Check each line of the entries below for the word "products", and copy out the ones that have it.

*** Given records Section Begins ***

lemma integral_comp_mult_eq_0:
  fixes \<gamma> :: "'a measure" and D :: "'a \<Rightarrow> real" and X :: "'a \<Rightarrow> 'b"
  assumes X[measurable]: "X \<in> measurable \<gamma> N" and D: "integrable \<gamma> D"
    and orth: "\<forall>A\<in>sets N. (\<integral>p. indicator A (X p) * D p \<partial>\<gamma>) = 0"
    and f[measurable]: "f \<in> borel_measurable N" and fD: "integrable \<gamma> (\<lambda>p. f (X p) * D p)"
  shows "(\<integral>p. f (X p) * D p \<partial>\<gamma>) = 0"
proof -
  have [measurable]: "D \<in> borel_measurable \<gamma>"
    using D by simp
  have part: "(\<integral>x. f x \<partial>distr (density \<gamma> (\<lambda>p. max 0 (\<sigma> * D p))) N X) = (\<integral>p. max 0 (\<sigma> * D p) * f (X p) \<partial>\<gamma>)"
    for \<sigma> :: real
  proof -
    have "(\<integral>x. f x \<partial>distr (density \<gamma> (\<lambda>p. max 0 (\<sigma> * D p))) N X)
        = (\<integral>p. f (X p) \<partial>density \<gamma> (\<lambda>p. max 0 (\<sigma> * D p)))"
      by (rule integral_distr) simp_all
    also have "\<dots> = (\<integral>p. max 0 (\<sigma> * D p) * f (X p) \<partial>\<gamma>)"
      by (subst integral_density[of "\<lambda>p. f (X p)"]) auto
    finally show ?thesis .
  qed
  have int: "integrable \<gamma> (\<lambda>p. max 0 (\<sigma> * D p) * f (X p))" if "\<sigma> \<in> {1, -1}" for \<sigma> :: real
    using that by (intro Bochner_Integration.integrable_bound[OF fD])
      (auto simp: abs_mult max_def mult.commute intro: mult_right_mono)
  have "(\<integral>p. max 0 (1 * D p) * f (X p) \<partial>\<gamma>) = (\<integral>p. max 0 (- 1 * D p) * f (X p) \<partial>\<gamma>)"
    using part[of 1] part[of "-1"] distr_density_pos_neg_part_eq[OF X D orth] by simp
  moreover have "(\<integral>p. f (X p) * D p \<partial>\<gamma>)
      = (\<integral>p. max 0 (1 * D p) * f (X p) - max 0 (- 1 * D p) * f (X p) \<partial>\<gamma>)"
    by (rule Bochner_Integration.integral_cong) (auto simp: max_def algebra_simps)
  ultimately show ?thesis
    using int[of 1] int[of "-1"] by simp
qed

lemma cond_exp_identity_iff:
  "cond_exp_identity g \<longleftrightarrow> (\<forall>P\<in>{fst, snd}. \<forall>A\<in>sets (borel :: r2 measure).
      (\<integral>p. indicator A (fst p) * (P (snd p) - P (fst p)) \<partial>g) = 0)"
  unfolding cond_exp_identity_def by auto

lemma integral_cost_Gamma:
  assumes "g \<in> Gamma \<nu>"
  shows "(\<integral>p. cost (fst p) (snd p) \<partial>g)
      = (\<integral>y. fst y * snd y \<partial>\<nu>) - (\<integral>x. fst x * snd x \<partial>distr g borel fst)"
proof -
  have g: "finite_measure g" "sets g = sets borel" "integrable g (\<lambda>z. norm z ^ 2)"
    "cond_exp_identity g" "distr g borel snd = \<nu>"
    using assms by (auto simp: Gamma_def P2_def prob_space_def)
  have mc: "measurable g N = measurable borel N" for N :: "'c measure"
    by (rule measurable_cong_sets[OF g(2) refl])
  have prod: "integrable g (\<lambda>p. u p * v p)"
    if "u \<in> borel_measurable borel" "v \<in> borel_measurable borel"
      and "\<And>p. \<bar>u p\<bar> \<le> 2 * norm p + 0" "\<And>p. \<bar>v p\<bar> \<le> 2 * norm p + 0" for u v
    by (rule integrable_mult_linear_growth[OF g(1,3), where k = 2 and c = 0]) (use that in \<open>auto simp: mc\<close>)
  have component: "\<bar>Q (fst p)\<bar> \<le> 2 * norm p + 0" "\<bar>Q (snd p)\<bar> \<le> 2 * norm p + 0"
    and increment: "\<bar>Q (snd p) - Q (fst p)\<bar> \<le> 2 * norm p + 0" if "Q \<in> {fst, snd}" for Q p
  proof -
    have "\<bar>Q (fst p)\<bar> \<le> norm p" "\<bar>Q (snd p)\<bar> \<le> norm p"
      using that abs_components_le_norm[of p] by auto
    then show "\<bar>Q (fst p)\<bar> \<le> 2 * norm p + 0" "\<bar>Q (snd p)\<bar> \<le> 2 * norm p + 0"
      "\<bar>Q (snd p) - Q (fst p)\<bar> \<le> 2 * norm p + 0"
      using norm_ge_zero[of p] by linarith+
  qed
  have martingale_integrable: "integrable g (\<lambda>p. P (fst p) * (Q (snd p) - Q (fst p)))"
    if "P \<in> {fst, snd}" and "Q \<in> {fst, snd}" for P Q :: "r2 \<Rightarrow> real"
    using that by (intro prod increment component) auto
  have martingale: "(\<integral>p. P (fst p) * (Q (snd p) - Q (fst p)) \<partial>g) = 0"
    if P: "P \<in> {fst, snd}" and Q: "Q \<in> {fst, snd}" for P Q :: "r2 \<Rightarrow> real"
  proof (rule integral_comp_mult_eq_0[where X = fst and N = borel])
    show "fst \<in> measurable g borel" "P \<in> borel_measurable borel"
      using P by (auto simp: mc)
    show "\<forall>A\<in>sets borel. (\<integral>p. indicator A (fst p) * (Q (snd p) - Q (fst p)) \<partial>g) = 0"
      using g(4) Q unfolding cond_exp_identity_iff by blast
    show "integrable g (\<lambda>p. Q (snd p) - Q (fst p))"
      by (rule integrable_linear_growth[OF g(1,3) _ increment[OF Q]]) (use Q in \<open>auto simp: mc\<close>)
    show "integrable g (\<lambda>p. P (fst p) * (Q (snd p) - Q (fst p)))"
      using P Q by (rule martingale_integrable)
  qed
  have products: "integrable g (\<lambda>p. fst (fst p) * snd (fst p))" "integrable g (\<lambda>p. fst (snd p) * snd (snd p))"
    by (intro prod component; simp)+
  have "cost (fst p) (snd p) = fst (snd p) * snd (snd p) - fst (fst p) * snd (fst p)
      - fst (fst p) * (snd (snd p) - snd (fst p)) - snd (fst p) * (fst (snd p) - fst (fst p))" for p
    by (simp add: cost_def algebra_simps)
  then have "(\<integral>p. cost (fst p) (snd p) \<partial>g)
      = (\<integral>p. fst (snd p) * snd (snd p) \<partial>g) - (\<integral>p. fst (fst p) * snd (fst p) \<partial>g)"
    using martingale[of fst snd] martingale[of snd fst] products
      martingale_integrable[of fst snd] martingale_integrable[of snd fst] by simp
  moreover have "(\<integral>y. fst y * snd y \<partial>\<nu>) = (\<integral>p. fst (snd p) * snd (snd p) \<partial>g)"
    unfolding g(5)[symmetric] by (rule integral_distr) (simp_all add: mc)
  moreover have "(\<integral>x. fst x * snd x \<partial>distr g borel fst) = (\<integral>p. fst (fst p) * snd (fst p) \<partial>g)"
    by (rule integral_distr) (simp_all add: mc)
  ultimately show ?thesis
    by simp
qed

section \<open>Collapsing the first coordinate onto a barycentre\<close>

definition collapse :: "'a set \<Rightarrow> 'a \<Rightarrow> 'a \<Rightarrow> 'a" where
  "collapse E m x = (if x \<in> E then m else x)"

lemma measurable_collapse [measurable]:
  assumes "E \<in> sets M" and "m \<in> space M"
  shows "collapse E m \<in> measurable M M"
  unfolding collapse_def using assms by (intro measurable_If_set) auto

lemma measurable_collapse_fst [measurable]:
  fixes E :: "'a::second_countable_topology set"
  assumes [measurable]: "E \<in> sets borel"
  shows "(\<lambda>p :: 'a \<times> 'b::second_countable_topology. (collapse E m (fst p), snd p)) \<in> measurable borel borel"
proof -
  have "(\<lambda>p :: 'a \<times> 'b. (collapse E m (fst p), snd p)) \<in> measurable borel (borel \<Otimes>\<^sub>M borel)"
    by measurable
  then show ?thesis
    by (simp add: borel_prod)
qed

lemma integral_collapse_martingale_component:
  fixes \<gamma> :: "(r2 \<times> r2) measure" and P :: "r2 \<Rightarrow> real"
  assumes "finite_measure \<gamma>" and "sets \<gamma> = sets borel" and [measurable]: "P \<in> borel_measurable borel"
    and E[measurable]: "E \<in> sets borel" and C[measurable]: "C \<in> sets borel"
    and D: "integrable \<gamma> (\<lambda>p. P (snd p) - P (fst p))"
    and PE: "integrable \<gamma> (\<lambda>p. indicator E (fst p) * P (fst p))"
    and orth: "\<forall>A\<in>sets borel. (\<integral>p. indicator A (fst p) * (P (snd p) - P (fst p)) \<partial>\<gamma>) = 0"
    and bary: "P m * (\<integral>p. indicator E (fst p) \<partial>\<gamma>) = (\<integral>p. indicator E (fst p) * P (fst p) \<partial>\<gamma>)"
  shows "(\<integral>p. indicator C (collapse E m (fst p)) * (P (snd p) - P (collapse E m (fst p))) \<partial>\<gamma>) = 0"
proof -
  have mc: "measurable \<gamma> N = measurable borel N" for N :: "'c measure"
    by (rule measurable_cong_sets[OF assms(2) refl])
  \<comment> \<open>Off \<open>E\<close> nothing moves; on \<open>E\<close> the defect is the martingale defect of \<open>E\<close> plus the
    barycentre defect, both zero.\<close>
  have orth_integrable: "integrable \<gamma> (\<lambda>p. indicator A (fst p) * (P (snd p) - P (fst p)))"
    if [measurable]: "A \<in> sets borel" for A
    by (rule Bochner_Integration.integrable_bound[OF D]) (auto simp: mc indicator_def)
  have "integrable \<gamma> (\<lambda>p. indicator E (fst p) :: real)"
    using assms(1) by (intro finite_measure.integrable_const_bound[where B = 1]) (auto simp: mc)
  moreover have "(\<integral>p. indicator C (collapse E m (fst p)) * (P (snd p) - P (collapse E m (fst p))) \<partial>\<gamma>)
      = (\<integral>p. indicator (C - E) (fst p) * (P (snd p) - P (fst p))
          + indicator C m * (indicator E (fst p) * (P (snd p) - P (fst p))
            + (indicator E (fst p) * P (fst p) - P m * indicator E (fst p))) \<partial>\<gamma>)"
    by (rule Bochner_Integration.integral_cong) (auto simp: collapse_def indicator_def algebra_simps)
  ultimately show ?thesis
    using orth_integrable[of "C - E"] orth_integrable[of E] PE orth bary by simp
qed

lemma P2_distr_collapse_fst:
  fixes \<gamma> :: "('a::euclidean_space \<times> 'b::euclidean_space) measure"
  assumes "\<gamma> \<in> P2" and [measurable]: "E \<in> sets borel"
  shows "distr \<gamma> borel (\<lambda>p. (collapse E m (fst p), snd p)) \<in> P2"
proof -
  have \<gamma>: "prob_space \<gamma>" "finite_measure \<gamma>" "sets \<gamma> = sets borel" "integrable \<gamma> (\<lambda>z. norm z ^ 2)"
    using assms(1) by (auto simp: P2_def prob_space_def)
  have mc: "measurable \<gamma> N = measurable borel N" for N :: "'c measure"
    by (rule measurable_cong_sets[OF \<gamma>(3) refl])
  have G: "(\<lambda>p. (collapse E m (fst p), snd p)) \<in> measurable \<gamma> borel"
    by (simp add: mc)
  have "integrable \<gamma> (\<lambda>p. norm (collapse E m (fst p), snd p) ^ 2)"
  proof (rule integrable_bounded_by_norm_sq[OF \<gamma>(2,4), where C = "1 + norm m ^ 2"])
    fix p :: "'a \<times> 'b"
    have "\<bar>norm (collapse E m (fst p), snd p) ^ 2\<bar> = norm (collapse E m (fst p)) ^ 2 + norm (snd p) ^ 2"
      by (simp add: norm_Pair)
    also have "\<dots> \<le> norm (fst p) ^ 2 + norm (snd p) ^ 2 + norm m ^ 2"
      by (auto simp: collapse_def)
    also have "\<dots> = norm p ^ 2 + norm m ^ 2"
      by (simp add: norm_Pair[of "fst p" "snd p", simplified])
    also have "\<dots> \<le> (1 + norm m ^ 2) * norm p ^ 2 + (1 + norm m ^ 2)"
      by (simp add: algebra_simps add_increasing)
    finally show "\<bar>norm (collapse E m (fst p), snd p) ^ 2\<bar> \<le> (1 + norm m ^ 2) * norm p ^ 2 + (1 + norm m ^ 2)" .
  qed (unfold mc, measurable)
  then show ?thesis
    using prob_space.prob_space_distr[OF \<gamma>(1) G] G by (simp add: P2_def integrable_distr_eq)
qed

lemma cond_exp_identity_collapse:
  fixes \<gamma> :: "(r2 \<times> r2) measure"
  assumes "\<gamma> \<in> P2" and "cond_exp_identity \<gamma>" and E[measurable]: "E \<in> sets borel"
    and bary: "\<And>P. P \<in> {fst, snd} \<Longrightarrow>
      P m * measure (distr \<gamma> borel fst) E = (\<integral>x. indicator E x * P x \<partial>distr \<gamma> borel fst)"
  shows "cond_exp_identity (distr \<gamma> borel (\<lambda>p. (collapse E m (fst p), snd p)))"
  unfolding cond_exp_identity_iff
proof (intro ballI)
  have \<gamma>: "finite_measure \<gamma>" "sets \<gamma> = sets borel" "integrable \<gamma> (\<lambda>z. norm z ^ 2)"
    using assms(1) by (auto simp: P2_def prob_space_def)
  have mc: "measurable \<gamma> N = measurable borel N" for N :: "'c measure"
    by (rule measurable_cong_sets[OF \<gamma>(2) refl])
  fix P :: "r2 \<Rightarrow> real" and C :: "r2 set"
  assume P: "P \<in> {fst, snd}" and C[measurable]: "C \<in> sets borel"
  have [measurable]: "P \<in> borel_measurable borel"
    using P by auto
  have component: "\<bar>P (fst p)\<bar> \<le> 1 * norm p + 0" "\<bar>P (snd p)\<bar> \<le> 1 * norm p + 0" for p
    using P abs_components_le_norm[of p] by auto
  have "(\<integral>p. indicator C (fst p) * (P (snd p) - P (fst p)) \<partial>distr \<gamma> borel (\<lambda>p. (collapse E m (fst p), snd p)))
      = (\<integral>p. indicator C (collapse E m (fst p)) * (P (snd p) - P (collapse E m (fst p))) \<partial>\<gamma>)"
    by (subst integral_distr) (simp_all add: mc)
  also have "\<dots> = 0"
  proof (rule integral_collapse_martingale_component[OF \<gamma>(1,2)])
    show "integrable \<gamma> (\<lambda>p. P (snd p) - P (fst p))"
      using component
      by (intro Bochner_Integration.integrable_diff integrable_linear_growth[OF \<gamma>(1,3), where k = 1 and c = 0])
        (simp_all add: mc)
    show "integrable \<gamma> (\<lambda>p. indicator E (fst p) * P (fst p))"
      using component by (intro integrable_linear_growth[OF \<gamma>(1,3), where k = 1 and c = 0])
        (auto simp: mc indicator_def)
    show "\<forall>A\<in>sets borel. (\<integral>p. indicator A (fst p) * (P (snd p) - P (fst p)) \<partial>\<gamma>) = 0"
      using assms(2) P unfolding cond_exp_identity_iff by blast
    have "measure (distr \<gamma> borel fst) E = (\<integral>p. indicator E (fst p) \<partial>\<gamma>)"
      using integral_distr[of fst \<gamma> borel "indicator E :: r2 \<Rightarrow> real"] by (simp add: mc)
    then show "P m * (\<integral>p. indicator E (fst p) \<partial>\<gamma>) = (\<integral>p. indicator E (fst p) * P (fst p) \<partial>\<gamma>)"
      using bary[OF P] by (simp add: integral_distr mc)
  qed simp_all
  finally show "(\<integral>p. indicator C (fst p) * (P (snd p) - P (fst p))
      \<partial>distr \<gamma> borel (\<lambda>p. (collapse E m (fst p), snd p))) = 0" .
qed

*** Given records Section Ends ***

◆ **Solved exercise**
  have products: "integrable g (\<lambda>p. fst (fst p) * snd (fst p))" "integrable g (\<lambda>p. fst (snd p) * snd (snd p))"
    using martingale[of fst snd] martingale[of snd fst] products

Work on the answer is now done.